▶ **HOW TO COMPLETE THIS TASK**
The records below are split into lines. How many of those lines contain the string "rule"? Reply with the number only.

═══ RECORDS FOR THE TASK

lemma modal_coeff_error:
  fixes g gh m :: "real \<Rightarrow> real"
  assumes \<omega>: "0 < \<omega>" "\<omega> \<le> \<omega>h" and t: "0 \<le> t" and \<delta>: "0 \<le> \<delta>"
    and \<alpha>: "\<bar>\<alpha>\<bar> \<le> N0" "\<bar>\<alpha>h - \<alpha>\<bar> \<le> N0 * \<delta>" and \<beta>: "\<bar>\<beta>\<bar> \<le> N1" "\<bar>\<beta>h - \<beta>\<bar> \<le> N1 * \<delta>"
    and cont: "continuous_on {0..t} g" "continuous_on {0..t} gh" "continuous_on {0..t} m"
    and g: "\<And>\<tau>. \<tau> \<in> {0..t} \<Longrightarrow> \<bar>g \<tau>\<bar> \<le> m \<tau>"
    and gh: "\<And>\<tau>. \<tau> \<in> {0..t} \<Longrightarrow> \<bar>gh \<tau> - g \<tau>\<bar> \<le> m \<tau> * \<delta>"
  shows "\<bar>modal_coeff \<omega>h \<alpha>h \<beta>h gh t - modal_coeff \<omega> \<alpha> \<beta> g t\<bar> + \<bar>modal_coeff \<omega> \<alpha> \<beta> g t\<bar> * \<delta>
    \<le> N0 * (2 * \<delta> + \<bar>cos (\<omega>h * t) - cos (\<omega> * t)\<bar>)
      + N1 / \<omega> * ((\<omega>h - \<omega>) / \<omega> + 2 * \<delta> + \<bar>sin (\<omega>h * t) - sin (\<omega> * t)\<bar>)
      + 1 / \<omega> * integral {0..t} m
          * ((\<omega>h - \<omega>) / \<omega> + 2 * \<delta> + (SUP \<tau>\<in>{0..t}. \<bar>sin (\<omega>h * \<tau>) - sin (\<omega> * \<tau>)\<bar>))"
proof -
  define ks where "ks \<tau> = sin (\<omega>h * (t - \<tau>))" for \<tau>
  define k where "k \<tau> = sin (\<omega> * (t - \<tau>))" for \<tau>
  define M where "M = (SUP \<tau>\<in>{0..t}. \<bar>sin (\<omega>h * \<tau>) - sin (\<omega> * \<tau>)\<bar>)"
  define F where "F = integral {0..t} m"
  have cont_k: "continuous_on {0..t} ks" "continuous_on {0..t} k"
    unfolding ks_def k_def by (intro continuous_intros)+
  have ks_k: "\<bar>ks \<tau> - k \<tau>\<bar> \<le> M" if "\<tau> \<in> {0..t}" for \<tau>
    unfolding ks_def k_def M_def using that by (rule abs_sin_diff_le_Sup)
  have "0 \<le> F" unfolding F_def
    using g cont(3) by (intro integral_nonneg integrable_continuous_interval) force+
  have J1: "\<bar>integral {0..t} (\<lambda>\<tau>. ks \<tau> * (gh \<tau> - g \<tau>))\<bar> \<le> \<delta> * F"
    using abs_integral_mult_le[of 0 t ks "\<lambda>\<tau>. gh \<tau> - g \<tau>" m 1 \<delta>] cont cont_k gh
    by (simp add: F_def ks_def continuous_on_diff)
  have J2: "\<bar>integral {0..t} (\<lambda>\<tau>. ks \<tau> * g \<tau>)\<bar> \<le> F"
    using abs_integral_mult_le[of 0 t ks g m 1 1] cont cont_k g by (simp add: F_def ks_def)
  have J3: "\<bar>integral {0..t} (\<lambda>\<tau>. (ks \<tau> - k \<tau>) * g \<tau>)\<bar> \<le> M * F"
    using abs_integral_mult_le[of 0 t "\<lambda>\<tau>. ks \<tau> - k \<tau>" g m M 1] cont cont_k g ks_k
    by (simp add: F_def continuous_on_diff)
  have J4: "\<bar>integral {0..t} (\<lambda>\<tau>. k \<tau> * g \<tau>)\<bar> \<le> F"
    using abs_integral_mult_le[of 0 t k g m 1 1] cont cont_k g by (simp add: F_def k_def)
  have int: "(\<lambda>\<tau>. ks \<tau> * (gh \<tau> - g \<tau>)) integrable_on {0..t}" "(\<lambda>\<tau>. ks \<tau> * g \<tau>) integrable_on {0..t}"
    "(\<lambda>\<tau>. (ks \<tau> - k \<tau>) * g \<tau>) integrable_on {0..t}"
    using cont cont_k by (auto intro!: integrable_continuous_interval continuous_intros)
  have split_h: "integral {0..t} (\<lambda>\<tau>. sin (\<omega>h * (t - \<tau>)) * gh \<tau>)
      = integral {0..t} (\<lambda>\<tau>. ks \<tau> * (gh \<tau> - g \<tau>)) + integral {0..t} (\<lambda>\<tau>. ks \<tau> * g \<tau>)"
    using integral_add[OF int(1,2)] by (simp add: ks_def algebra_simps)
  have split: "integral {0..t} (\<lambda>\<tau>. sin (\<omega> * (t - \<tau>)) * g \<tau>)
      = integral {0..t} (\<lambda>\<tau>. ks \<tau> * g \<tau>) - integral {0..t} (\<lambda>\<tau>. (ks \<tau> - k \<tau>) * g \<tau>)"
    using integral_diff[OF int(2,3)] by (simp add: k_def algebra_simps)
  have "integral {0..t} (\<lambda>\<tau>. ks \<tau> * g \<tau>) - integral {0..t} (\<lambda>\<tau>. (ks \<tau> - k \<tau>) * g \<tau>)
      = integral {0..t} (\<lambda>\<tau>. k \<tau> * g \<tau>)"
    using split by (simp add: k_def)
  with J4 have J23: "\<bar>integral {0..t} (\<lambda>\<tau>. ks \<tau> * g \<tau>) - integral {0..t} (\<lambda>\<tau>. (ks \<tau> - k \<tau>) * g \<tau>)\<bar> \<le> F"
    by simp
  show ?thesis
    unfolding modal_coeff_def split_h split F_def[symmetric] M_def[symmetric]
    using \<open>0 \<le> F\<close> by (intro modal_coeff_error_arith[OF \<omega> _ \<delta> \<alpha> \<beta> _ _ _ _ J1 J2 J3 J23]) auto
qed

section \<open>Semi-inner products on function spaces\<close>

locale semi_inner_product =
  fixes S :: "('a \<Rightarrow> 'v::real_vector) set" and B :: "('a \<Rightarrow> 'v) \<Rightarrow> ('a \<Rightarrow> 'v) \<Rightarrow> real"
  assumes zero_mem: "(\<lambda>x. 0) \<in> S"
    and add_mem: "f \<in> S \<Longrightarrow> g \<in> S \<Longrightarrow> (\<lambda>x. f x + g x) \<in> S"
    and scale_mem: "f \<in> S \<Longrightarrow> (\<lambda>x. c *\<^sub>R f x) \<in> S"
    and B_add_left: "f \<in> S \<Longrightarrow> g \<in> S \<Longrightarrow> h \<in> S \<Longrightarrow> B (\<lambda>x. f x + g x) h = B f h + B g h"
    and B_scale_left: "f \<in> S \<Longrightarrow> h \<in> S \<Longrightarrow> B (\<lambda>x. c *\<^sub>R f x) h = c * B f h"
    and B_sym: "f \<in> S \<Longrightarrow> g \<in> S \<Longrightarrow> B f g = B g f"
    and B_nonneg: "f \<in> S \<Longrightarrow> 0 \<le> B f f"
begin

lemma diff_mem: "f \<in> S \<Longrightarrow> g \<in> S \<Longrightarrow> (\<lambda>x. f x - g x) \<in> S"
  using add_mem[of f "\<lambda>x. (-1) *\<^sub>R g x"] scale_mem[of g "-1"] by simp

lemma B_diff_left: "f \<in> S \<Longrightarrow> g \<in> S \<Longrightarrow> h \<in> S \<Longrightarrow> B (\<lambda>x. f x - g x) h = B f h - B g h"
  using B_add_left[of f "\<lambda>x. (-1) *\<^sub>R g x" h] B_scale_left[of g h "-1"] scale_mem[of g "-1"] by simp

lemma B_add_right: "f \<in> S \<Longrightarrow> g \<in> S \<Longrightarrow> h \<in> S \<Longrightarrow> B h (\<lambda>x. f x + g x) = B h f + B h g"
  by (simp add: B_sym[of h] add_mem B_add_left)

lemma B_diff_right: "f \<in> S \<Longrightarrow> g \<in> S \<Longrightarrow> h \<in> S \<Longrightarrow> B h (\<lambda>x. f x - g x) = B h f - B h g"
  by (simp add: B_sym[of h] diff_mem B_diff_left)

lemma B_scale_right: "f \<in> S \<Longrightarrow> h \<in> S \<Longrightarrow> B h (\<lambda>x. c *\<^sub>R f x) = c * B h f"
  by (simp add: B_sym[of h] scale_mem B_scale_left)

lemma combination_mem:
  "finite I \<Longrightarrow> (\<And>i. i \<in> I \<Longrightarrow> e i \<in> S) \<Longrightarrow> (\<lambda>x. \<Sum>i\<in>I. a i *\<^sub>R e i x) \<in> S"
proof (induction I rule: finite_induct)
  case empty then show ?case using zero_mem by simp
next
  case (insert i I) then show ?case using add_mem scale_mem by simp
qed

lemma B_combination_left:
  assumes "finite I" "\<And>i. i \<in> I \<Longrightarrow> e i \<in> S" "h \<in> S"
  shows "B (\<lambda>x. \<Sum>i\<in>I. a i *\<^sub>R e i x) h = (\<Sum>i\<in>I. a i * B (e i) h)"
  using assms
proof (induction I rule: finite_induct)
  case empty
  show ?case using B_scale_left[OF zero_mem empty(2), of 0] by simp
next
  case (insert i I)
  then show ?case
    using B_add_left[of "\<lambda>x. a i *\<^sub>R e i x" "\<lambda>x. \<Sum>i\<in>I. a i *\<^sub>R e i x" h]
    by (simp add: scale_mem combination_mem B_scale_left)
qed

lemma B_combination_right:
  "finite I \<Longrightarrow> (\<And>i. i \<in> I \<Longrightarrow> e i \<in> S) \<Longrightarrow> h \<in> S \<Longrightarrow>
   B h (\<lambda>x. \<Sum>i\<in>I. a i *\<^sub>R e i x) = (\<Sum>i\<in>I. a i * B h (e i))"
  by (simp add: B_sym[of h] combination_mem B_combination_left)

lemma cauchy_schwarz:
  assumes "f \<in> S" "g \<in> S"
  shows "\<bar>B f g\<bar> \<le> sqrt (B f f) * sqrt (B g g)"
proof -
  have "(B f g)\<^sup>2 \<le> B f f * B g g"
  proof (rule discriminant_le_of_nonneg_quadratic)
    show "0 \<le> B g g" using B_nonneg assms by simp
    fix t
    have tg: "(\<lambda>x. t *\<^sub>R g x) \<in> S" using scale_mem assms by simp
    have "0 \<le> B (\<lambda>x. f x - t *\<^sub>R g x) (\<lambda>x. f x - t *\<^sub>R g x)" using B_nonneg diff_mem tg assms by simp
    also have "\<dots> = B f f - 2 * t * B f g + t\<^sup>2 * B g g"
      using assms tg B_sym[of g f]
      by (simp add: B_diff_left B_diff_right diff_mem B_scale_left B_scale_right
          power2_eq_square algebra_simps)
    finally show "0 \<le> B f f - 2 * t * B f g + t\<^sup>2 * B g g" .
  qed
  then have "sqrt ((B f g)\<^sup>2) \<le> sqrt (B f f * B g g)" by (rule real_sqrt_le_mono)
  then show ?thesis by (simp add: real_sqrt_mult)
qed

lemma triangle:
  assumes "f \<in> S" "g \<in> S"
  shows "sqrt (B (\<lambda>x. f x + g x) (\<lambda>x. f x + g x)) \<le> sqrt (B f f) + sqrt (B g g)"
proof -
  have "B (\<lambda>x. f x + g x) (\<lambda>x. f x + g x) = B f f + 2 * B f g + B g g"
    using assms by (simp add: B_add_left B_add_right add_mem B_sym[of f g])
  also have "\<dots> \<le> (sqrt (B f f) + sqrt (B g g))\<^sup>2"
    using cauchy_schwarz[OF assms] B_nonneg assms by (simp add: power2_eq_square algebra_simps)
  finally have "sqrt (B (\<lambda>x. f x + g x) (\<lambda>x. f x + g x)) \<le> sqrt ((sqrt (B f f) + sqrt (B g g))\<^sup>2)"
    by (rule real_sqrt_le_mono)
  then show ?thesis using B_nonneg assms by simp
qed

lemma norm_scale:
  "f \<in> S \<Longrightarrow> sqrt (B (\<lambda>x. c *\<^sub>R f x) (\<lambda>x. c *\<^sub>R f x)) = \<bar>c\<bar> * sqrt (B f f)"
  by (simp add: B_scale_left B_scale_right scale_mem real_sqrt_mult mult.assoc[symmetric])

lemma norm_diff_commute:
  "f \<in> S \<Longrightarrow> g \<in> S \<Longrightarrow>
   sqrt (B (\<lambda>x. f x - g x) (\<lambda>x. f x - g x)) = sqrt (B (\<lambda>x. g x - f x) (\<lambda>x. g x - f x))"
  by (simp add: B_diff_left B_diff_right diff_mem B_sym[of f g])

lemma reverse_triangle:
  assumes "f \<in> S" "g \<in> S"
  shows "\<bar>sqrt (B f f) - sqrt (B g g)\<bar> \<le> sqrt (B (\<lambda>x. f x - g x) (\<lambda>x. f x - g x))"
proof -
  have "sqrt (B f f) \<le> sqrt (B (\<lambda>x. f x - g x) (\<lambda>x. f x - g x)) + sqrt (B g g)"
    using triangle[of "\<lambda>x. f x - g x" g] assms diff_mem by simp
  moreover have "sqrt (B g g) \<le> sqrt (B (\<lambda>x. g x - f x) (\<lambda>x. g x - f x)) + sqrt (B f f)"
    using triangle[of "\<lambda>x. g x - f x" f] assms diff_mem by simp
  ultimately show ?thesis using norm_diff_commute[OF assms] by linarith
qed

lemma abs_B_diff_right_le:
  assumes "g \<in> S" "e \<in> S" "eh \<in> S"
  shows "\<bar>B g eh - B g e\<bar> \<le> sqrt (B g g) * sqrt (B (\<lambda>x. eh x - e x) (\<lambda>x. eh x - e x))"
  using cauchy_schwarz[of g "\<lambda>x. eh x - e x"] assms by (simp add: diff_mem B_diff_right)

lemma norm_scaled_diff_le:
  assumes "e \<in> S" "eh \<in> S"
  shows "sqrt (B (\<lambda>x. dh *\<^sub>R eh x - d *\<^sub>R e x) (\<lambda>x. dh *\<^sub>R eh x - d *\<^sub>R e x))
    \<le> \<bar>dh - d\<bar> * sqrt (B eh eh) + \<bar>d\<bar> * sqrt (B (\<lambda>x. eh x - e x) (\<lambda>x. eh x - e x))"
proof -
  have "(\<lambda>x. dh *\<^sub>R eh x - d *\<^sub>R e x) = (\<lambda>x. (dh - d) *\<^sub>R eh x + d *\<^sub>R (eh x - e x))"
    by (simp add: algebra_simps)
  then show ?thesis
    using triangle[of "\<lambda>x. (dh - d) *\<^sub>R eh x" "\<lambda>x. d *\<^sub>R (eh x - e x)"] assms
    by (simp add: scale_mem diff_mem norm_scale)
qed

lemma B_orthogonal_combination_right:
  assumes "finite I" "\<And>i. i \<in> I \<Longrightarrow> e i \<in> S"
    and orth: "\<And>i l. i \<in> I \<Longrightarrow> l \<in> I \<Longrightarrow> B (e i) (e l) = (if i = l then \<mu> i else 0)"
    and "k \<in> I"
  shows "B (e k) (\<lambda>x. \<Sum>i\<in>I. a i *\<^sub>R e i x) = \<mu> k * a k"
proof -
  have "B (e k) (\<lambda>x. \<Sum>i\<in>I. a i *\<^sub>R e i x) = (\<Sum>i\<in>I. a i * B (e k) (e i))"
    by (rule B_combination_right) (use assms in auto)
  also have "\<dots> = (\<Sum>i\<in>I. if k = i then \<mu> k * a k else 0)"
    using orth \<open>k \<in> I\<close> by (intro sum.cong) auto
  finally show ?thesis using assms by simp
qed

══════

▶ **OUTPUT FOR THIS EXERCISE**
7